5章 妹の家で一夜過ごします、女装姿で その7

 その場の流れで、二人で動画の続きを見ることになった。

 俺が見ていたところよりもちょっと先まで進んでいて、夢咲と魔光のデモンストレーション終盤辺(あた)りだった。


 気になったのが、愛衣の様子だった。

 動画を視聴しているにもかかわらず、テスト直前の授業を受けている生徒みたいに、食い入るように視(み)ていた。


 なぜだろう……昔の愛衣なら普通にながら見とかリラックスした視聴スタイルだったと思うのだが。

 もしかしたら大学の講義の課題で何か出ているのかもしれない。あるいは進路に関することだろうか。動画関連の学部に通っているのだし、そういう方面の手掛かりをこの動画から見出そうとしているのかもしれない。


 ひとまずは邪魔しないようにして、後で事情を訊いてみよう。


 当面の問題は彼女の内面ではなくて。

 この現実的な距離感である。

 俺と愛衣は、ソファに並んで座っていた。

 より直接的な表現をするなら、くっついて、だ。それもぴったりと。

 動画を視ている内にいつの間にかこうなっていたのだ。小さなスマホの画面で視聴していてこうなるのは、ごくごく自然のことかもしれない。

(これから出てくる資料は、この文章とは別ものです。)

(* Deleting an edge of a minimum spanning tree splits it into two components, and no segment
   joining them is shorter than the deleted edge. For the path p-u-v-q this makes |pv| the
   longest side of triangle puv, |uq| the longest side of triangle uvq, and |pq| at least |pu|,
   |uv| and |vq|. The first two facts give alpha, gamma >= 60 degrees. With a = |pu|, b = |uv|,
   c = |vq|, the same-side hypothesis gives
     |pq|^2 = a^2 + b^2 + c^2 - 2ab cos alpha - 2bc cos gamma + 2ac cos (alpha + gamma).
   If alpha + gamma < 150 degrees and (by symmetry) c <= a, this monic quadratic in c is below
   a^2 + b^2 - ab <= max(a^2, b^2) at both ends of the interval [2b cos gamma, a], which
   contains c, hence also at c by convexity, contradicting |pq| >= max(a, b). *)

(* The radian counterpart of vangle_deg; it is pi/2 when x = 0 or y = 0. *)
definition vangle :: "'a::real_inner \<Rightarrow> 'a \<Rightarrow> real" where
  "vangle x y = arccos (x \<bullet> y / (norm x * norm y))"

lemma inner_div_norm_mult_bounds:
  "- 1 \<le> x \<bullet> y / (norm x * norm y)" "x \<bullet> y / (norm x * norm y) \<le> 1"
proof -
  have "\<bar>x \<bullet> y / (norm x * norm y)\<bar> \<le> 1"
    by (cases "x = 0 \<or> y = 0") (auto simp: abs_mult Cauchy_Schwarz_ineq2)
  then show "- 1 \<le> x \<bullet> y / (norm x * norm y)" "x \<bullet> y / (norm x * norm y) \<le> 1"
    by (simp_all only: abs_le_iff) linarith+
qed

lemma cos_vangle: "cos (vangle x y) = x \<bullet> y / (norm x * norm y)"
  unfolding vangle_def using inner_div_norm_mult_bounds by (rule cos_arccos)

lemma norm_mult_cos_vangle: "norm x * norm y * cos (vangle x y) = x \<bullet> y"
  by (cases "x = 0 \<or> y = 0") (auto simp: cos_vangle)

lemma vangle_nonneg: "0 \<le> vangle x y"
  unfolding vangle_def using inner_div_norm_mult_bounds by (rule arccos_lbound)

lemma norm_diff_sq_cos_vangle:
  "(norm (x - y))\<^sup>2 = (norm x)\<^sup>2 + (norm y)\<^sup>2 - 2 * norm x * norm y * cos (vangle x y)"
  using norm_mult_cos_vangle[of x y]
  by (simp add: power2_norm_eq_inner inner_diff inner_commute mult.assoc)

definition cross2 :: "real^2 \<Rightarrow> real^2 \<Rightarrow> real" where
  "cross2 x y = x$1 * y$2 - x$2 * y$1"

lemma inner_real2: "x \<bullet> y = x$1 * y$1 + x$2 * y$2" for x y :: "real^2"
  by (simp add: inner_vec_def sum_2)

lemma inner_sq_add_cross2_sq: "(x \<bullet> y)\<^sup>2 + (cross2 x y)\<^sup>2 = (norm x)\<^sup>2 * (norm y)\<^sup>2"
  unfolding power2_norm_eq_inner by (simp add: inner_real2 cross2_def power2_eq_square algebra_simps)

lemma inner_mult_inner_add_cross2_mult:
  "(e \<bullet> x) * (e \<bullet> y) + cross2 e x * cross2 e y = (x \<bullet> y) * (norm e)\<^sup>2"
  by (simp add: power2_norm_eq_inner inner_real2 cross2_def algebra_simps)

lemma sin_vangle:
  fixes x y :: "real^2"
  assumes "x \<noteq> 0" "y \<noteq> 0"
  shows "sin (vangle x y) = \<bar>cross2 x y\<bar> / (norm x * norm y)"
proof -
  have "1 - (x \<bullet> y / (norm x * norm y))\<^sup>2 = (\<bar>cross2 x y\<bar> / (norm x * norm y))\<^sup>2"
    using inner_sq_add_cross2_sq[of x y] assms
    by (simp add: field_simps)
  then show ?thesis
    by (simp add: vangle_def sin_arccos inner_div_norm_mult_bounds)
qed

(* For x and y on the same side of the line spanned by e, the angle between x and y is
   pi - (vangle x e + vangle (- e) y). *)
lemma inner_eq_neg_cos_vangle_add:
  fixes e x y :: "real^2"
  assumes sides: "0 < cross2 e x * cross2 e y"
  shows "x \<bullet> y = - (norm x * norm y * cos (vangle x e + vangle (- e) y))"
proof -
  have nonzero: "e \<noteq> 0" "x \<noteq> 0" "y \<noteq> 0"
    using sides by (auto simp: cross2_def)
  have "\<bar>cross2 x e\<bar> * \<bar>cross2 (- e) y\<bar> = cross2 e x * cross2 e y"
    using sides by (simp add: cross2_def abs_mult[symmetric] algebra_simps)
  then have "norm x * norm y * cos (vangle x e + vangle (- e) y) * (norm e)\<^sup>2
             = - ((e \<bullet> x) * (e \<bullet> y) + cross2 e x * cross2 e y)"
    using nonzero
    by (simp add: cos_add cos_vangle sin_vangle inner_commute power2_eq_square field_simps)
  also have "\<dots> = - (x \<bullet> y) * (norm e)\<^sup>2"
    by (simp add: inner_mult_inner_add_cross2_mult)
  finally have
    "(x \<bullet> y + norm x * norm y * cos (vangle x e + vangle (- e) y)) * (norm e)\<^sup>2 = 0"
    by (simp add: algebra_simps)
  then show ?thesis
    using nonzero by (simp add: eq_neg_iff_add_eq_0)
qed

lemma quadratic_le_max_endpoints:
  fixes B C s t x :: real
  assumes "x \<in> {s..t}"
  shows "x\<^sup>2 + B * x + C \<le> max (s\<^sup>2 + B * s + C) (t\<^sup>2 + B * t + C)"
proof -
  have "convex_on {s..t} (\<lambda>x. B * x + C)"
    by (rule convex_on_linorderI) (auto simp: algebra_simps)
  then have "convex_on {s..t} (\<lambda>x. x\<^sup>2 + (B * x + C))"
    using convex_on_add[OF convex_on_subset[OF convex_power2]] by auto
  then show ?thesis using convex_on_le_max[OF _ assms] by (simp add: add.assoc)
qed

lemma pi_div_3_le_angle_opposite_longest_side:
  fixes a b \<alpha> :: real
  assumes "0 < a" "0 < b" "0 \<le> \<alpha>"
    and longest: "(max a b)\<^sup>2 \<le> a\<^sup>2 + b\<^sup>2 - 2 * a * b * cos \<alpha>"
  shows "pi / 3 \<le> \<alpha>"
proof (rule ccontr)
  assume "\<not> pi / 3 \<le> \<alpha>"
  then have "cos (pi / 3) < cos \<alpha>"
    using assms(3) by (intro cos_monotone_0_pi) auto
  then have "a * b < 2 * a * b * cos \<alpha>"
    using assms(1,2) by (simp add: cos_60)
  moreover have "a\<^sup>2 \<le> (max a b)\<^sup>2" "b\<^sup>2 \<le> (max a b)\<^sup>2"
    using assms(1,2) by (simp_all add: power_mono)
  ultimately have "a * b < b * b" "a * b < a * a"
    using longest by (simp_all add: power2_eq_square)
  then show False
    using assms(1,2) by simp
qed

lemma cos_add_cos_gt_half:
  fixes \<alpha> \<gamma> :: real
  assumes "pi / 3 \<le> \<alpha>" "pi / 3 \<le> \<gamma>" "\<alpha> + \<gamma> < 5 * pi / 6"
  shows "1 / 2 < cos \<alpha> + cos \<gamma>"
proof -
  have "cos (5 * pi / 12) < cos ((\<alpha> + \<gamma>) / 2)"
    using assms by (intro cos_monotone_0_pi) auto
  moreover have "cos (pi / 12) \<le> cos ((\<alpha> - \<gamma>) / 2)"
  proof -
    have "\<bar>\<alpha> - \<gamma>\<bar> \<le> pi / 6"
      unfolding abs_le_iff using assms by (intro conjI; linarith)
    then have "cos (pi / 12) \<le> cos \<bar>(\<alpha> - \<gamma>) / 2\<bar>"
      by (intro cos_monotone_0_pi_le) auto
    then show ?thesis by (simp only: cos_abs_real)
  qed
  moreover have "0 < cos (5 * pi / 12)" "0 < cos (pi / 12)"
    by (simp_all add: cos_gt_zero)
  ultimately have
    "cos (5 * pi / 12) * cos (pi / 12) < cos ((\<alpha> + \<gamma>) / 2) * cos ((\<alpha> - \<gamma>) / 2)"
    by (intro mult_less_le_imp_less) auto
  moreover have "cos (5 * pi / 12) * cos (pi / 12) = 1 / 4"
    by (simp add: cos_times_cos cos_60 field_simps)
  ultimately show ?thesis
    by (simp add: cos_plus_cos)
qed

lemma angle_sum_ge_5pi_div_6_if_le:
  fixes a b c \<alpha> \<gamma> :: real
  assumes pos: "0 < a" "0 < b" "0 < c" and "c \<le> a"
    and \<alpha>: "pi / 3 \<le> \<alpha>" and \<gamma>: "pi / 3 \<le> \<gamma>"
    and bc: "b\<^sup>2 \<le> b\<^sup>2 + c\<^sup>2 - 2 * b * c * cos \<gamma>"
    and diagonal: "(max a b)\<^sup>2 \<le> a\<^sup>2 + b\<^sup>2 + c\<^sup>2 - 2 * a * b * cos \<alpha> - 2 * b * c * cos \<gamma>
                                 + 2 * a * c * cos (\<alpha> + \<gamma>)"
  shows "5 * pi / 6 \<le> \<alpha> + \<gamma>"
proof (rule ccontr)
  assume "\<not> ?thesis"
  then have sum: "\<alpha> + \<gamma> < 5 * pi / 6" by simp
  define f where
    "f t = t\<^sup>2 + (2 * a * cos (\<alpha> + \<gamma>) - 2 * b * cos \<gamma>) * t
           + (a\<^sup>2 + b\<^sup>2 - 2 * a * b * cos \<alpha>)" for t
  have "2 * b * cos \<gamma> * c \<le> c * c"
    using bc by (simp add: power2_eq_square mult_ac)
  then have left: "2 * b * cos \<gamma> \<le> c"
    using pos(3) by simp
  have "f (2 * b * cos \<gamma>) = a\<^sup>2 + b\<^sup>2 + 2 * a * b * (2 * cos \<gamma> * cos (\<alpha> + \<gamma>) - cos \<alpha>)"
    by (simp add: f_def power2_eq_square algebra_simps)
  also have "2 * cos \<gamma> * cos (\<alpha> + \<gamma>) - cos \<alpha> = cos (\<alpha> + 2 * \<gamma>)"
    using cos_times_cos[of \<gamma> "\<alpha> + \<gamma>"] by (simp add: algebra_simps)
  also have "cos (\<alpha> + 2 * \<gamma>) < - 1 / 2"
  proof -
    have "cos (pi / 3) < cos (\<alpha> + 2 * \<gamma> - pi)"
      using \<alpha> \<gamma> sum by (intro cos_monotone_0_pi) auto
    then show ?thesis by (simp add: cos_60)
  qed
  finally have f_left: "f (2 * b * cos \<gamma>) < a\<^sup>2 + b\<^sup>2 - a * b"
    using pos by (simp add: mult_strict_left_mono)
  have "cos (\<alpha> + \<gamma>) \<le> cos (2 * pi / 3)"
    using \<alpha> \<gamma> sum by (intro cos_monotone_0_pi_le) auto
  then have "a\<^sup>2 * (2 * cos (\<alpha> + \<gamma>)) \<le> a\<^sup>2 * (- 1)"
    by (intro mult_left_mono) (auto simp: cos_120)
  moreover have "a * b < 2 * a * b * (cos \<alpha> + cos \<gamma>)"
    using cos_add_cos_gt_half[OF \<alpha> \<gamma> sum] pos by simp
  ultimately have f_right: "f a < a\<^sup>2 + b\<^sup>2 - a * b"
    by (simp add: f_def power2_eq_square algebra_simps)
  have "f c \<le> max (f (2 * b * cos \<gamma>)) (f a)"
    unfolding f_def using left \<open>c \<le> a\<close> by (intro quadratic_le_max_endpoints) auto
  also have "\<dots> < a\<^sup>2 + b\<^sup>2 - a * b"
    using f_left f_right by simp
  also have "\<dots> \<le> (max a b)\<^sup>2"
    using pos by (auto simp: max_def power2_eq_square algebra_simps mult_right_mono)
  finally show False
    using diagonal by (simp add: f_def algebra_simps)
qed

lemma angle_sum_ge_5pi_div_6:
  fixes a b c \<alpha> \<gamma> :: real
  assumes pos: "0 < a" "0 < b" "0 < c" and "0 \<le> \<alpha>" "0 \<le> \<gamma>"
    and ab: "(max a b)\<^sup>2 \<le> a\<^sup>2 + b\<^sup>2 - 2 * a * b * cos \<alpha>"
    and bc: "(max b c)\<^sup>2 \<le> b\<^sup>2 + c\<^sup>2 - 2 * b * c * cos \<gamma>"
    and diagonal: "(max (max a b) c)\<^sup>2 \<le> a\<^sup>2 + b\<^sup>2 + c\<^sup>2 - 2 * a * b * cos \<alpha>
                                 - 2 * b * c * cos \<gamma> + 2 * a * c * cos (\<alpha> + \<gamma>)"
  shows "5 * pi / 6 \<le> \<alpha> + \<gamma>"
proof -
  have \<alpha>: "pi / 3 \<le> \<alpha>"
    using pi_div_3_le_angle_opposite_longest_side[OF pos(1,2) \<open>0 \<le> \<alpha>\<close> ab] .
  have \<gamma>: "pi / 3 \<le> \<gamma>"
    using pi_div_3_le_angle_opposite_longest_side[OF pos(2,3) \<open>0 \<le> \<gamma>\<close> bc] .
  have squares: "b\<^sup>2 \<le> (max b c)\<^sup>2" "b\<^sup>2 \<le> (max a b)\<^sup>2"
    "(max a b)\<^sup>2 \<le> (max (max a b) c)\<^sup>2" "(max c b)\<^sup>2 \<le> (max (max a b) c)\<^sup>2"
    using pos by (simp_all add: power_mono)
  show ?thesis
  proof (cases "c \<le> a")
    case True
    show ?thesis
    proof (rule angle_sum_ge_5pi_div_6_if_le[OF pos True \<alpha> \<gamma>])
      show "b\<^sup>2 \<le> b\<^sup>2 + c\<^sup>2 - 2 * b * c * cos \<gamma>"
        using squares(1) bc by linarith
      show "(max a b)\<^sup>2 \<le> a\<^sup>2 + b\<^sup>2 + c\<^sup>2 - 2 * a * b * cos \<alpha> - 2 * b * c * cos \<gamma>
                         + 2 * a * c * cos (\<alpha> + \<gamma>)"
        using squares(3) diagonal by linarith
    qed
  next
    case False
    have "5 * pi / 6 \<le> \<gamma> + \<alpha>"
    proof (rule angle_sum_ge_5pi_div_6_if_le[OF pos(3,2,1) _ \<gamma> \<alpha>])
      show "a \<le> c"
        using False by simp
      show "b\<^sup>2 \<le> b\<^sup>2 + a\<^sup>2 - 2 * b * a * cos \<alpha>"
        using squares(2) ab by (simp add: mult.commute mult.left_commute)
      show "(max c b)\<^sup>2 \<le> c\<^sup>2 + b\<^sup>2 + a\<^sup>2 - 2 * c * b * cos \<gamma> - 2 * b * a * cos \<alpha>
                         + 2 * c * a * cos (\<gamma> + \<alpha>)"
        using squares(4) diagonal by (simp add: algebra_simps)
    qed
    then show ?thesis by simp
  qed
qed

definition angle :: "point \<Rightarrow> point \<Rightarrow> point \<Rightarrow> real" where
  "angle a b c = vangle (a - b) (c - b)"

lemma angle_deg_eq: "angle_deg a b c = angle a b c * 180 / pi"
  by (simp add: angle_deg_def vangle_deg_def angle_def vangle_def)

lemma angle_nonneg: "0 \<le> angle a b c"
  by (simp add: angle_def vangle_nonneg)

lemma law_of_cosines:
  "(dist a c)\<^sup>2 = (dist a b)\<^sup>2 + (dist b c)\<^sup>2 - 2 * dist a b * dist b c * cos (angle a b c)"
  using norm_diff_sq_cos_vangle[of "a - b" "c - b"]
  by (simp add: angle_def dist_norm norm_minus_commute[of b c])

lemma dist_sq_across_same_side:
  assumes "same_side u v p q"
  shows "(dist p q)\<^sup>2 = (dist p u)\<^sup>2 + (dist u v)\<^sup>2 + (dist v q)\<^sup>2
           - 2 * dist p u * dist u v * cos (angle p u v) - 2 * dist u v * dist v q * cos (angle u v q)
           + 2 * dist p u * dist v q * cos (angle p u v + angle u v q)"
proof -
  define x e y where "x = p - u" and "e = v - u" and "y = q - v"
  have "orient u v p = cross2 e x" "orient u v q = cross2 e y"
    by (simp_all add: orient_def cross2_def x_def e_def y_def algebra_simps)
  then have "0 < cross2 e x * cross2 e y"
    using assms by (simp add: same_side_def)
  moreover have angles: "angle p u v = vangle x e" "angle u v q = vangle (- e) y"
    by (simp_all add: angle_def x_def e_def y_def)
  ultimately have xy: "x \<bullet> y = - (norm x * norm y * cos (angle p u v + angle u v q))"
    by (simp add: inner_eq_neg_cos_vangle_add)
  have xe: "x \<bullet> e = norm x * norm e * cos (angle p u v)"
    by (simp add: norm_mult_cos_vangle angles)
  have ey: "e \<bullet> y = - (norm e * norm y * cos (angle u v q))"
    using norm_mult_cos_vangle[of "- e" y] by (simp add: angles)
  have "p - q = x - e - y"
    by (simp add: x_def e_def y_def)
  then have "(dist p q)\<^sup>2
      = (norm x)\<^sup>2 + (norm e)\<^sup>2 + (norm y)\<^sup>2 - 2 * (x \<bullet> e) - 2 * (x \<bullet> y) + 2 * (e \<bullet> y)"
    by (simp add: dist_norm power2_norm_eq_inner inner_diff inner_commute)
  moreover have "norm x = dist p u" "norm e = dist u v" "norm y = dist v q"
    by (simp_all add: x_def e_def y_def dist_norm norm_minus_commute)
  ultimately show ?thesis
    unfolding xy xe ey by (simp add: algebra_simps)
qed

そのせいで俺の心臓はドクドクしていた。

 温かで柔らかな体に、いい香り。鼓動の響きは二段飛ばしで大きくなっていく。

 妹だから、と考えたくても向こうがそう思っていないのだから、徐々に兄妹ではなく、愛衣を他人として精神が捉え始めている。

 わざわざ離れてスマホから遠ざかるのもおかしいのでこの密着状況から逃れる術はなく、甘んじて受け入れるしかない。


 傍から見れば、女の子同士で並んで仲良く動画視聴、だ。

 微笑ましいことこのうえない。

 けれども、実態は女装男子とその妹。


 両者合意の上ならまあ、微笑ましいとまではいかなくても、勝手にしやがれで終わるだろう。それでも文句を言うヤツは、まあ家族であったとしても余計なお世話という言葉を送りたい。

 ただ俺が愛衣を騙しているのだから……、業が深い。


 公然たる正義の徒ならば、今すぐ真実を打ち明けて土下座の一つでもするのだろう。

 しかし俺は、世間体なぞクソ食らえ。妹の安寧さえ守れればいいのである。


 真っ先に自己矛盾という言葉が頭を占める。

 愛衣の前でなければ、壁にバンバンと頭を打ち付けていたかもしれない。


 自己嫌悪に陥っていても仕方ないので、とりあえず動画に意識を戻す。

 ちょうどそこで、明智光秀――魔光の動かしていたキャラがNPCにやられた。


 昼間に見た、魔光がブチギレる様が脳裏を掠めた。

 まさか来るか?――と身構えたが、まあそうはならなかった。


『クッ、心なき人形が相手だと思って、油断したか……』

『だから魔光サンは突っ込みすぎなんデスッテ。後はミーに任せてクダサイ』

 なんだ、キレないのか。

 少し残念に思っている自分がいた。

 まあ、当然だ。自分の視聴者の前でブチギレる人気実況者がどこにいるというのだ。

 そんなヤツをわざわざ見に行く物好きな人間など、そうそういるわけがないではないか。


 その後、夢咲が難なく最後まで生き残って勝利していた。

 NPCの動きはよくゲームで見るBOTレベルだったし、まあちょっとバトロワゲーと格ゲーをかじっていれば、勝てて当然だと俺の目には映った。


 今までの流れを見ていた感じ、ムードメイクに魔光が呼ばれて、プレイヤーとして夢咲が選ばれた。運営はそういう配役のつもりだったんだろうな、と思った。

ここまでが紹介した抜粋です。